Signed-off-by: DL6ER <dl6er@dl6er.de>
---
 src/api/auth.c              |  2 +-
 src/api/config.c            | 16 ++++++++++++++--
 src/api/info.c              | 13 +++----------
 src/webserver/http-common.c | 25 ++++++++++++++++++++++---
 src/webserver/json_macros.h |  8 ++++++--
 5 files changed, 46 insertions(+), 18 deletions(-)

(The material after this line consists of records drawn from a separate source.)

definition lsc_on :: "(real^'n) set \<Rightarrow> (real^'n \<Rightarrow> real) \<Rightarrow> bool" where
  "lsc_on \<Omega> u \<longleftrightarrow> (\<forall>x\<in>\<Omega>. \<forall>t. t < u x \<longrightarrow> (\<forall>\<^sub>F y in at x within \<Omega>. t < u y))"

definition subharmonic ::
  "(real^'n) set \<Rightarrow> (real^'n \<Rightarrow> (real \<times> (real^'n^'n)) set) \<Rightarrow> (real^'n \<Rightarrow> real) \<Rightarrow> bool" where
  "subharmonic \<Omega> \<Theta> u \<longleftrightarrow> usc_on \<Omega> u \<and> (\<forall>x0\<in>\<Omega>. upper_jet u x0 \<subseteq> \<Theta> x0)"

definition superharmonic ::
  "(real^'n) set \<Rightarrow> (real^'n \<Rightarrow> (real \<times> (real^'n^'n)) set) \<Rightarrow> (real^'n \<Rightarrow> real) \<Rightarrow> bool" where
  "superharmonic \<Omega> \<Theta> u \<longleftrightarrow> lsc_on \<Omega> u \<and>
     (\<forall>x0\<in>\<Omega>. lower_jet u x0 \<subseteq> RS - RS_interior (\<Theta> x0))"

definition admissible_subsolution ::
  "(real^'n) set \<Rightarrow> (real^'n \<Rightarrow> real \<Rightarrow> real^'n^'n \<Rightarrow> real) \<Rightarrow>
   (real^'n \<Rightarrow> (real \<times> (real^'n^'n)) set) \<Rightarrow> (real^'n \<Rightarrow> real) \<Rightarrow> bool" where
  "admissible_subsolution \<Omega> F \<Phi> u \<longleftrightarrow> usc_on \<Omega> u \<and>
     (\<forall>x0\<in>\<Omega>. \<forall>(r, A)\<in>upper_jet u x0. F x0 r A \<ge> 0 \<and> (r, A) \<in> \<Phi> x0)"

definition admissible_supersolution ::
  "(real^'n) set \<Rightarrow> (real^'n \<Rightarrow> real \<Rightarrow> real^'n^'n \<Rightarrow> real) \<Rightarrow>
   (real^'n \<Rightarrow> (real \<times> (real^'n^'n)) set) \<Rightarrow> (real^'n \<Rightarrow> real) \<Rightarrow> bool" where
  "admissible_supersolution \<Omega> F \<Phi> u \<longleftrightarrow> lsc_on \<Omega> u \<and>
     (\<forall>x0\<in>\<Omega>. \<forall>(r, A)\<in>lower_jet u x0. F x0 r A \<le> 0 \<or> (r, A) \<notin> RS_interior (\<Phi> x0))"

end

theory Submission
  imports Defs
begin

(* Both equivalences are pointwise statements about jets.  For subsolutions, Theta(x) is by
   definition the set of admissible jets at which F is nonnegative.  For supersolutions, the
   point is that the interior of Theta(x) is the interior of Phi(x) intersected with {F > 0}:
   that intersection is relatively open by continuity of F and lies in Theta(x), while
   conversely F > 0 on the interior of Theta(x) by hypothesis.  The dual formulation is the
   jet identity J^+(-u) = -J^-(u). *)

lemma sym_mat_uminus: "sym_mat A \<Longrightarrow> sym_mat (- A)"
  unfolding sym_mat_def by (simp add: transpose_def vec_eq_iff)

lemma matrix_vector_mult_uminus_left: "(- M) *v v = - (M *v v)"
  for M :: "real^'n^'m"
  by (simp add: matrix_vector_mult_def vec_eq_iff sum_negf)
(* For every $\beta \in \{\mathbf{G}, \mathbf{Psd}, \mathbf{Sd}\}$, $[\tau(\mathbf{SemWb})\mathbf{Txt}\beta\mathbf{Bc}] = [\tau(\mathbf{SemConv})\mathbf{Txt}\beta\mathbf{Bc}]$.
   Context: Fix an acceptable numbering $(\varphi_e)$ of partial computable functions, $W_e=\mathrm{dom}(\varphi_e)$. A text is a total function $T:\mathbb N\to\mathbb N\cup\{\#\}$, $\mathrm{content}(T)=\mathrm{range}(T)\setminus\{\#\}$, $T[n]=(T(0),\dots,T(n-1))$; $\mathbf{Txt}$ is the set of all texts, $\mathbf{Txt}(L)$ those with content $L$. Learners are partial computable functions; $\mathbf G(h,T)(i)=h(T[i])$, $\mathbf{Psd}(h,T)(i)=h(\mathrm{content}(T[i]),i)$, $\mathbf{Sd}(h,T)(i)=h(\mathrm{content}(T[i]))$. For total $p:\mathbb N\to\mathbb N$ and text $T$: $\mathbf{Bc}(p,T)$ iff $\exists n_0\,\forall n\ge n_0: W_{p(n)}=\mathrm{content}(T)$; $\mathbf{SemWb}(p,T)$ iff for all $n,m$: if there is $k$ with $n\le k\le m$ and $W_{p(n)}\ne W_{p(k)}$, then $(\mathrm{content}(T[m])\cap W_{p(m)})\setminus W_{p(n)}\ne\emptyset$; $\mathbf{SemConv}(p,T)$ iff for all $n<m$ with $\mathrm{content}(T[m])\subseteq W_{p(n)}$ we have $W_{p(n)}=W_{p(m)}$. A learner $h$ $\tau(\alpha)\mathbf{Txt}\beta\mathbf{Bc}$-learns $L$ iff for every $T\in\mathbf{Txt}$, $\beta(h,T)$ is total and $\alpha(\beta(h,T),T)$ holds, and for every $T\in\mathbf{Txt}(L)$, $\mathbf{Bc}(\beta(h,T),T)$ holds. $[\cdot]$ is the set of classes learnable by a single learner under the criterion. *)

theory Defs
  imports Main "HOL-Library.Nat_Bijection"
begin

datatype recf =
    Z
  | S
  | Id nat
  | Cn recf "recf list"
  | Pr recf recf
  | Mn recf

inductive eval :: "recf \<Rightarrow> nat list \<Rightarrow> nat \<Rightarrow> bool" where
  eval_Z: "eval Z xs 0"
| eval_S: "eval S (x # xs) (Suc x)"
| eval_Id: "i < length xs \<Longrightarrow> eval (Id i) xs (xs ! i)"
| eval_Cn: "length zs = length gs \<Longrightarrow> (\<forall>i<length gs. eval (gs ! i) xs (zs ! i))
             \<Longrightarrow> eval f zs y \<Longrightarrow> eval (Cn f gs) xs y"
| eval_Pr0: "eval f xs y \<Longrightarrow> eval (Pr f g) (0 # xs) y"
| eval_PrS: "eval (Pr f g) (x # xs) z \<Longrightarrow> eval g (x # z # xs) y
             \<Longrightarrow> eval (Pr f g) (Suc x # xs) y"
| eval_Mn: "eval f (x # xs) 0 \<Longrightarrow> (\<forall>y<x. \<exists>z. z \<noteq> 0 \<and> eval f (y # xs) z)
             \<Longrightarrow> eval (Mn f) xs x"

definition computable :: "(nat \<Rightarrow> nat option) \<Rightarrow> bool" where
  "computable f \<longleftrightarrow> (\<exists>r. \<forall>x y. f x = Some y \<longleftrightarrow> eval r [x] y)"

definition computable_numbering :: "(nat \<Rightarrow> nat \<Rightarrow> nat option) \<Rightarrow> bool" where
  "computable_numbering \<psi> \<longleftrightarrow>
     computable (\<lambda>n. \<psi> (fst (prod_decode n)) (snd (prod_decode n)))"

definition acceptable :: "(nat \<Rightarrow> nat \<Rightarrow> nat option) \<Rightarrow> bool" where
  "acceptable \<phi> \<longleftrightarrow> computable_numbering \<phi> \<and>
     (\<forall>\<psi>. computable_numbering \<psi> \<longrightarrow>
        (\<exists>t. computable (\<lambda>x. Some (t x)) \<and> (\<forall>e. \<psi> e = \<phi> (t e))))"

definition W :: "(nat \<Rightarrow> nat \<Rightarrow> nat option) \<Rightarrow> nat \<Rightarrow> nat set" where
  "W \<phi> e = dom (\<phi> e)"

text \<open>A text is a total function nat => nat option; None plays the role of the pause symbol #.\<close>
type_synonym txtT = "nat \<Rightarrow> nat option"

definition content :: "txtT \<Rightarrow> nat set" where
  "content T = {x. \<exists>i. T i = Some x}"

diff --git a/src/api/auth.c b/src/api/auth.c
index 62165439f..468fd12e3 100644
--- a/src/api/auth.c
+++ b/src/api/auth.c
@@ -401,7 +401,7 @@ static int send_api_auth_status(struct ftl_conn *api, const int user_id, const t
 			const int code = delete_session(user_id) ? 204 : 404;
 
 			// Send empty reply with appropriate HTTP status code
-			send_http_code(api, "application/json; charset=utf-8", code, "");
+			send_http_code(api, NULL, code, "");
 			return code;
 		}
 		else
diff --git a/src/api/config.c b/src/api/config.c
index 1fc1e08cb..cdcaba4b3 100644
--- a/src/api/config.c
+++ b/src/api/config.c
@@ -1008,6 +1008,7 @@ static int api_config_put_delete(struct ftl_conn *api)
 			if(!new_item->c(&new_item->v, new_item->k, errbuf))
 			{
 				free_config(&newconf);
+				free_config_path(requested_path);
 				return send_json_error(api, 400,
 				                       "bad_request",
 				                       "Invalid value",
@@ -1032,6 +1033,7 @@ static int api_config_put_delete(struct ftl_conn *api)
 	// Error 404 if config element not found
 	if(!found)
 	{
+		free_config(&newconf);
 		cJSON *json = JSON_NEW_OBJECT();
 		JSON_SEND_OBJECT_CODE(json, 404);
 	}
@@ -1039,6 +1041,7 @@ static int api_config_put_delete(struct ftl_conn *api)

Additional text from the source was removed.